И это от такой-то песни!!! Вот же чертовщина какая напала на
меня”. Несмотря на то, что эти представления были
непроизвольны, мы относим их к гипнагогическим, так как они вызвали у испытуемых
критическое отношение. В большинстве случаев
галлюцинации возникают при нервно-психических заболеваниях. Но они могут
появляться и у здоровых людей при выраженной тревожности и других эмоциональных
состояниях. Их можно вызвать и специальными приемами. Одним из них является
лишение сна. Лишение сна в наши дни используется
наиболее реакционными режимами ряда государств как средство получить сведения у
политзаключенных, а также для того, чтобы сломить их психику. Вот что рассказал
член ЦК Португальской коммунистической партии Педро Соариш, когда он вышел на
свободу после свержения фашистского режима: “Меня беспрерывно мучили тем, что
не давали спать. Охраняемый агентами, я не мог ни днем, ни ночью сомкнуть глаз.
Комната была залита убийственно ярким электрическим светом. При малейшей попытке
заснуть или задремать мои сторожа стучали ящиком стола или швыряли на пол
пепельницу. На третьи сутки я стал ощущать первые результаты длительной
бессонницы, хотя и не терял еще над собой контроль. Мне стало казаться, что на
полу стали появляться трещины и темные пятна, что туч и там летают насекомые.
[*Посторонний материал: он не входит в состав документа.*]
section \<open>Eigenvalue sums of the double graph\<close>

lemma double_degree_weighted_sum_le:
  fixes U :: "real mat"
  assumes U: "U \<in> carrier_mat (2 * n) (2 * n)" "U\<^sup>T * U = 1\<^sub>m (2 * n)"
    and k: "k \<le> 2 * n" and t: "0 \<le> t"
  shows "(\<Sum>i<k. \<Sum>p<2 * n. 2 * real (degree n E (p mod n)) * (U $$ (p, i))\<^sup>2)
    \<le> 2 * (t * k + 2 * (\<Sum>a<n. max (real (degree n E a) - t) 0))"
proof -
  have "(\<Sum>i<k. \<Sum>p<2 * n. 2 * real (degree n E (p mod n)) * (U $$ (p, i))\<^sup>2)
      \<le> 2 * t * k + (\<Sum>p<2 * n. max (2 * real (degree n E (p mod n)) - 2 * t) 0)"
    using t by (intro orthogonal_mat_partial_trace_le[OF U k]) simp
  also have "(\<Sum>p<2 * n. max (2 * real (degree n E (p mod n)) - 2 * t) 0)
      = (\<Sum>a<n. 4 * max (real (degree n E a) - t) 0)"
    unfolding sum_lessThan_double by (intro sum.cong refl) (auto simp: max_def)
  finally show ?thesis
    by (simp add: algebra_simps sum_distrib_left)
qed

text \<open>The inner sum in \<open>W j\<close> is the inner product of column \<open>i\<close> of \<open>U\<close> with column \<open>j\<close> of
  \<open>V\<close> stacked on itself, a vector of squared norm 2; hence Bessel's inequality gives \<open>W j \<le> 2\<close>.\<close>

lemma folded_projection_weights:
  fixes U V :: "real mat"
  assumes U: "U \<in> carrier_mat (2 * n) (2 * n)" "U\<^sup>T * U = 1\<^sub>m (2 * n)"
    and V: "V \<in> carrier_mat n n" "V\<^sup>T * V = 1\<^sub>m n" and k: "k \<le> 2 * n"
  defines "W j \<equiv> \<Sum>i<k. (\<Sum>a<n. V $$ (a, j) * (U $$ (a, i) + U $$ (a + n, i)))\<^sup>2"
  shows "j < n \<Longrightarrow> W j \<le> 2" and "(\<Sum>j<n. W j) \<le> 2 * real k"
proof -
  assume j: "j < n"
  have fold: "(\<Sum>a<n. V $$ (a, j) * (U $$ (a, i) + U $$ (a + n, i)))
      = (\<Sum>p<2 * n. U $$ (p, i) * V $$ (p mod n, j))" for i
    unfolding sum_lessThan_double by (intro sum.cong refl) (simp add: algebra_simps)
  have "W j \<le> (\<Sum>i<2 * n. (\<Sum>p<2 * n. U $$ (p, i) * V $$ (p mod n, j))\<^sup>2)"
    unfolding W_def fold using k by (intro sum_mono2) auto
  also have "\<dots> = (\<Sum>p<2 * n. (V $$ (p mod n, j))\<^sup>2)"
    by (rule orthogonal_mat_parseval[OF U])
  also have "\<dots> = 2 * (\<Sum>a<n. V $$ (a, j) * V $$ (a, j))"
    by (simp add: sum_lessThan_double power2_eq_square sum_distrib_left)
  also have "\<dots> = 2"
    using orthogonal_mat_cols[OF V j j] by simp
  finally show "W j \<le> 2" .
next
  have "(\<Sum>j<n. W j) = (\<Sum>i<k. \<Sum>j<n. (\<Sum>a<n. V $$ (a, j) * (U $$ (a, i) + U $$ (a + n, i)))\<^sup>2)"
    unfolding W_def by (rule sum.swap)
  also have "\<dots> = (\<Sum>i<k. \<Sum>a<n. (U $$ (a, i) + U $$ (a + n, i))\<^sup>2)"
    by (simp add: orthogonal_mat_parseval[OF V])
  also have "\<dots> \<le> (\<Sum>i<k. 2 * (\<Sum>a<n. (U $$ (a, i))\<^sup>2 + (U $$ (a + n, i))\<^sup>2))"
  proof (intro sum_mono, unfold sum_distrib_left, intro sum_mono)
    fix i a
    show "(U $$ (a, i) + U $$ (a + n, i))\<^sup>2 \<le> 2 * ((U $$ (a, i))\<^sup>2 + (U $$ (a + n, i))\<^sup>2)"
      using sum_squares_ge_zero[of "U $$ (a, i) - U $$ (a + n, i)" 0]
      by (simp add: power2_eq_square algebra_simps)
  qed
  also have "\<dots> = (\<Sum>i<k. 2 * (\<Sum>p<2 * n. U $$ (p, i) * U $$ (p, i)))"
    by (simp add: sum_lessThan_double power2_eq_square)
  also have "\<dots> = (\<Sum>i<k. 2)"
    using orthogonal_mat_cols[OF U] k by (intro sum.cong) auto
  finally show "(\<Sum>j<n. W j) \<le> 2 * real k"
    by simp
qed

lemma adjacency_folded_sum_le:
  fixes U :: "real mat"
  assumes G: "simple_graph n E" and U: "U \<in> carrier_mat (2 * n) (2 * n)" "U\<^sup>T * U = 1\<^sub>m (2 * n)"
    and k: "k \<le> 2 * n" and t: "0 \<le> t"
  defines "y i a \<equiv> U $$ (a, i) + U $$ (a + n, i)"
  shows "(\<Sum>i<k. \<Sum>a<n. \<Sum>b<n. y i a * adj_mat n E $$ (a, b) * y i b)
    \<le> 2 * ((if k < n then S k (adj_mat n E) else 0)
           + (t * k + (\<Sum>a<n. max (real (degree n E a) - t) 0)))"
proof -
  let ?A = "adj_mat n E"
  have A: "?A \<in> carrier_mat n n"
    by (simp add: adj_mat_def)
  obtain V l where dec: "spectral_decomp n ?A V l"
    using spectral_decomp_exists[OF A adj_mat_symmetric[OF G]] by blast
  then have V: "V \<in> carrier_mat n n" "V\<^sup>T * V = 1\<^sub>m n" and l: "antimono_on {..<n} l"
    by (auto simp: spectral_decomp_def)
  define W where "W j = (\<Sum>i<k. (\<Sum>a<n. V $$ (a, j) * y i a)\<^sup>2)" for j
  define D where "D j = (\<Sum>a<n. real (degree n E a) * (V $$ (a, j))\<^sup>2)" for j
  have "(\<Sum>i<k. \<Sum>a<n. \<Sum>b<n. y i a * ?A $$ (a, b) * y i b) = (\<Sum>j<n. l j * W j)"
    unfolding spectral_decomp_quadratic_form[OF dec] W_def
    by (subst sum.swap) (simp add: sum_distrib_left)
  also have "\<dots> = 2 * (\<Sum>j<n. l j * (W j / 2))"
    by (simp add: sum_distrib_left)
  also have "(\<Sum>j<n. l j * (W j / 2)) \<le> (if k < n then \<Sum>j<k. l j else 0) + (\<Sum>j<min k n. D j)"
  proof (rule weighted_sum_le_top_sum_plus_abs_bound[OF l])
    show "0 \<le> W j / 2 \<and> W j / 2 \<le> 1" if "j < n" for j
      using folded_projection_weights(1)[OF U V k that] unfolding W_def y_def
      by (auto intro: sum_nonneg)
    show "(\<Sum>j<n. W j / 2) \<le> real k"
      using folded_projection_weights(2)[OF U V k] unfolding W_def y_def
      by (simp add: sum_divide_distrib[symmetric])
    show "\<bar>l j\<bar> \<le> D j" if "j < n" for j
      using adjacency_quadratic_form_abs_le[OF G, of "\<lambda>a. V $$ (a, j)"]
      unfolding spectral_decomp_rayleigh[OF dec that] D_def by (simp add: ac_simps)
  qed
  also have "(if k < n then \<Sum>j<k. l j else 0) = (if k < n then S k ?A else 0)"
    using S_spectral_decomp[OF dec] by simp
  also have "(\<Sum>j<min k n. D j) \<le> t * min k n + (\<Sum>a<n. max (real (degree n E a) - t) 0)"
    unfolding D_def by (rule orthogonal_mat_partial_trace_le[OF V _ t]) simp
  also have "t * min k n \<le> t * k"
    using t by (intro mult_left_mono) auto
  finally show ?thesis
    by (simp add: algebra_simps)
qed

lemma S_A_alpha_double_le:
  assumes G: "simple_graph n E" and \<alpha>: "0 \<le> \<alpha>" "\<alpha> \<le> 1" and k: "k \<le> 2 * n" and t: "0 \<le> t"
  defines "B \<equiv> t * k + 2 * (\<Sum>a<n. max (real (degree n E a) - t) 0)"
  shows "S k (A_alpha \<alpha> (2 * n) (double_edges n E))
    \<le> 2 * B + 2 * (1 - \<alpha>) * (if k < n then S k (adj_mat n E) else 0)"
proof -
  let ?M = "A_alpha \<alpha> (2 * n) (double_edges n E)"
  let ?X = "if k < n then S k (adj_mat n E) else 0"
  have M: "?M \<in> carrier_mat (2 * n) (2 * n)"
    by (simp add: A_alpha_def deg_mat_def adj_mat_def)
  obtain U \<mu> where dec: "spectral_decomp (2 * n) ?M U \<mu>"
    using spectral_decomp_exists[OF M A_alpha_double_symmetric[OF G]] by blast
  then have U: "U \<in> carrier_mat (2 * n) (2 * n)" "U\<^sup>T * U = 1\<^sub>m (2 * n)"
    by (auto simp: spectral_decomp_def)
  define deg_part where
    "deg_part = (\<Sum>i<k. \<Sum>p<2 * n. 2 * real (degree n E (p mod n)) * (U $$ (p, i))\<^sup>2)"
  define adj_part where
    "adj_part = (\<Sum>i<k. \<Sum>a<n. \<Sum>b<n. (U $$ (a, i) + U $$ (a + n, i)) * adj_mat n E $$ (a, b)
        * (U $$ (b, i) + U $$ (b + n, i)))"
  have "S k ?M = (\<Sum>i<k. \<mu> i)"
    by (rule S_spectral_decomp[OF dec k])
  also have "\<dots> = \<alpha> * deg_part + (1 - \<alpha>) * adj_part"
    using k unfolding deg_part_def adj_part_def
    by (simp add: spectral_decomp_rayleigh[OF dec] A_alpha_double_quadratic_form sum.distrib
        sum_distrib_left)
  also have "\<dots> \<le> \<alpha> * (2 * B) + (1 - \<alpha>) * (2 * (?X + B))"
  proof (intro add_mono mult_left_mono)
    show "deg_part \<le> 2 * B"
      unfolding deg_part_def B_def by (rule double_degree_weighted_sum_le[OF U k t])
    have "adj_part \<le> 2 * (?X + (t * k + (\<Sum>a<n. max (real (degree n E a) - t) 0)))"
      unfolding adj_part_def by (rule adjacency_folded_sum_le[OF G U k t])
    also have "\<dots> \<le> 2 * (?X + B)"
      by (simp add: B_def sum_nonneg)
    finally show "adj_part \<le> 2 * (?X + B)" .
  qed (use \<alpha> in auto)
  also have "\<dots> = 2 * B + 2 * (1 - \<alpha>) * ?X"
    by (simp add: algebra_simps)
  finally show ?thesis .
qed

lemma degree_threshold_bound_eq:
  fixes E :: "nat \<Rightarrow> nat \<Rightarrow> bool"
  assumes k: "1 \<le> k" "k \<le> 2 * n"
  defines "t \<equiv> dg n E ((k + 1) div 2)"
  shows "2 * (t * k + 2 * (\<Sum>a<n. max (real (degree n E a) - t) 0))
    = (if even k then 4 * (\<Sum>i=1..k div 2. dg n E i)
       else 4 * (\<Sum>i=1..(k - 1) div 2. dg n E i) + 2 * dg n E ((k + 1) div 2))"
proof -
  define c where "c i = real (degseq n E ! i)" for i
  define r where "r = (k - 1) div 2"
  have r: "r < n" and k_r: "(k + 1) div 2 = Suc r"
    using k unfolding r_def by presburger+
  then have t_r: "t = c r"
    by (simp add: t_def c_def dg_def)
  have dg_c: "(\<Sum>i=1..m. dg n E i) = (\<Sum>i<m. c i)" for m
    by (simp add: dg_def c_def sum.atLeast1_atMost_eq)
  have "(\<Sum>a<n. max (real (degree n E a) - t) 0) = (\<Sum>i<n. max (c i - c r) 0)"
    unfolding t_r c_def by (rule sum_degree_degseq)
  also have "\<dots> = (\<Sum>i<r. c i) - real r * c r"
    using degseq_antimono r unfolding c_def by (rule sum_excess_antimono)
  finally have excess: "(\<Sum>a<n. max (real (degree n E a) - t) 0) = (\<Sum>i<r. c i) - real r * c r" .
  show ?thesis
  proof (cases "even k")
    case True
    then have "k = 2 * r + 2" "k div 2 = Suc r"
      using k by (auto simp: r_def elim!: evenE)
    then show ?thesis
      using True unfolding excess dg_c by (simp add: t_r algebra_simps)
  next
    case False
    then have "k = 2 * r + 1" "(k - 1) div 2 = r" "(k + 1) div 2 = Suc r"
      using k by (auto simp: r_def elim!: oddE)
    moreover have "dg n E (Suc r) = c r"
      by (simp add: dg_def c_def)
    ultimately show ?thesis
      using False unfolding excess dg_c by (simp add: t_r algebra_simps)
  qed
qed

theorem theorem6p4:
  fixes n k :: nat and E :: "nat \<Rightarrow> nat \<Rightarrow> bool" and \<alpha> :: real
  assumes "simple_graph n E"
    and "0 \<le> \<alpha>" and "\<alpha> \<le> 1"
  shows "(1 < k \<and> k < n \<and> even k \<longrightarrow>
           S k (A_alpha \<alpha> (2 * n) (double_edges n E))
             \<le> 4 * (\<Sum>i=1..k div 2. dg n E i) + 2 * (1 - \<alpha>) * S k (adj_mat n E))
       \<and> (1 \<le> k \<and> k < n \<and> odd k \<longrightarrow>
           S k (A_alpha \<alpha> (2 * n) (double_edges n E))
             \<le> 4 * (\<Sum>i=1..(k - 1) div 2. dg n E i) + 2 * dg n E ((k + 1) div 2)
                + 2 * (1 - \<alpha>) * S k (adj_mat n E))
       \<and> (n \<le> k \<and> k \<le> 2 * n \<and> even k \<longrightarrow>
           S k (A_alpha \<alpha> (2 * n) (double_edges n E))
             \<le> 4 * (\<Sum>i=1..k div 2. dg n E i))
       \<and> (n \<le> k \<and> k \<le> 2 * n \<and> odd k \<longrightarrow>
           S k (A_alpha \<alpha> (2 * n) (double_edges n E))
             \<le> 4 * (\<Sum>i=1..(k - 1) div 2. dg n E i) + 2 * dg n E ((k + 1) div 2))"
proof -
  let ?M = "A_alpha \<alpha> (2 * n) (double_edges n E)"
  have bound: "S k ?M \<le> (if even k then 4 * (\<Sum>i=1..k div 2. dg n E i)
        else 4 * (\<Sum>i=1..(k - 1) div 2. dg n E i) + 2 * dg n E ((k + 1) div 2))
      + 2 * (1 - \<alpha>) * (if k < n then S k (adj_mat n E) else 0)"
    if "1 \<le> k" "k \<le> 2 * n"
    using S_A_alpha_double_le[OF assms that(2), of "dg n E ((k + 1) div 2)"]
      degree_threshold_bound_eq[OF that, of E]
    by (simp add: dg_def)
  moreover have "S 0 ?M = 0"
    by (simp add: S_def)
  ultimately show ?thesis
    by (cases k) auto
qed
Фигуры охранников я видел как бы сквозь стекло, которое резко уменьшало их
размеры. Мне чудилось, что из соседних комнат до меня доносятся крики других
заключенных. Какие-то шаги и шум, сопровождающие
истязание”. Воздействие лишения сна на
психическое состояние человека изучалось и учеными в различных лабораториях
многих стран мира. В нашей стране для выяснения сохранения работоспособности
человека в аварийных ситуациях лишение сна изучалось О. Н. Кузнецовым в
сочетании с одиночеством и тишиной при длительном пребывании в сурдокамере.
Одиночество в сурдокамере и лишение сна взаимно потенциировались и довольно
быстро вызывали гипнагогпческие галлюцинации даже у прошедших специальный отбор
молодых людей. Вот как описывает это состояние испытуемый Г., участвовавший в
опытах по лишению сна продолжительностью 74 часа: “В конце режима непрерывной
деятельности я обнаружил такую способность. Сел я в кресло, в углу шумит
вентилятор... и мне почудилось, что я услыхал какую-то нотку. Нотка эта сразу
как-то ассоциировалась с песней “Горизонт-горизонт”. По сути дела, там шум
какой-то, а я в этом шуме начал прослушивать песню “Горизонт”... Вот так же мне
показалось, что я через вентилятор слышу, как тихонько играет
приемник...” Если мы присмотримся к деятельности
мистиков, то увидим, что для вызывания галлюцинаторных переживаний мистического
характера они нередко используют бессонницу. Для этого они прибегают к
изнурительным молитвам в ночное время. В состоянии измененного бессонницей
сознания они умело в проповедях и других формах вводят нужную для них
информацию, которая воспринимается без критического анализа.